Change this to "... FOREIGN KEY ( [EACH ELEMENT OF] ...".

+ <literal>ELEMENT</literal> keyword and <replaceable

Change this to "... <literal>EACH ELEMENT OF</literal> ...". Maybe you
should also fix other instances of ELEMENT in the same paragraph but
these are less obvious.

You should remove the "ELEMENT REFERENCES" section of
doc/src/sgml/ref/create_table.sgml, and move any still relevant bits
elsewhere since we do not support this syntax.

The sql-createtable-foreign-key-arrays section need to be updated to
remove references to "ELEMENT REFERENCES".

Your indentation in doc/src/sgml/catalogs.sgml is two spaces but the
rest of the file looks like it uses 1 space indentation.

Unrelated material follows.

(* Let $\kappa<\kappa'$ be regular cardinals. Then the inclusion functor $\mathbf{CAMA}_{\kappa'}\hookrightarrow\mathbf{CAMA}_\kappa$ and the inclusion functor $\mathbf{MKF}_{\kappa'}\hookrightarrow\mathbf{MKF}_\kappa$ are not essentially surjective; i.e. there is an object of $\mathbf{CAMA}_\kappa$ not isomorphic to any object of $\mathbf{CAMA}_{\kappa'}$, and an object of $\mathbf{MKF}_\kappa$ not isomorphic to any object of $\mathbf{MKF}_{\kappa'}$.
   Context: A modal algebra is a Boolean algebra with a unary operation $\Diamond$ satisfying $\Diamond 0=0$ and $\Diamond(x\vee y)=\Diamond x\vee\Diamond y$; complete/atomic refer to the Boolean reduct; for a cardinal $\lambda$ it is $\lambda$-additive if $\Diamond\bigvee X=\bigvee_{x\in X}\Diamond x$ for every $X$ with $|X|<\lambda$. A homomorphism of complete modal algebras is a Boolean homomorphism preserving all joins and meets and commuting with $\Diamond$. $\mathbf{CAMA}_\lambda$ is the category of $\lambda$-additive complete atomic modal algebras with these homomorphisms. A multi-relational Kripke frame is a pair $\langle W,S\rangle$ with $W$ non-empty and $S$ a non-empty set of binary relations on $W$; it is $\lambda$-downward directed if for every $S'\subseteq S$ with $|S'|<\lambda$ there is $R\in S$ with $R\subseteq\bigcap S'$ (with $\bigcap\emptyset=W\times W$). A homomorphism $f:\langle W_1,S_1\rangle\to\langle W_2,S_2\rangle$ is a map $f:W_1\to W_2$ such that: (i) for every $x\in W_1$ and $R_2\in S_2$ there is $R_1\in S_1$ such that for all $y\in W_1$, $xR_1y$ implies $f(x)R_2f(y)$; (ii) for every $x\in W_1$ and $R_1\in S_1$ there is $R_2\in S_2$ such that for all $u\in W_2$, if $f(x)R_2u$ then there exists $y\in W_1$ with $xR_1y$ and $f(y)=u$; an isomorphism is a bijective homomorphism. $\mathbf{MKF}_\lambda$ is the category of $\lambda$-downward directed multi-relational Kripke frames with these homomorphisms. A functor is essentially surjective if every object of the target is isomorphic to the image of some object. *)

theory Defs
  imports Main
begin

Additionally
you seem to have accidentally reindented something which was correctly
indented.

Same with the idnentation in doc/src/sgml/ddl.sgml and
doc/src/sgml/ref/create_table.sgml.

- <varlistentry>
+ <varlistentry id="sql-createtable-foreign-key" xreflabel="FOREIGN KEY">

You have accidentally reindented this in doc/src/sgml/ref/create_table.sgml.

The paragraph in doc/src/sgml/ref/create_table.sgml which starts with
"In case the column name" seems to actually be multiple paragraphs. Is
that intentional or a mistake?

The documentation in doc/src/sgml/ddl.sgml mentions that "it must be
written in table constraint form" for when you have multiple columns,
but I feel this is just redundant and confusing since this is always
true, both for array foreign keys and for when you have multiple columns.

The documentation in doc/src/sgml/ddl.sgml should mention that we only
support one array reference per foreign key.

Maybe the documentation in doc/src/sgml/ddl.sgml should mention that we
only support the table constraint form.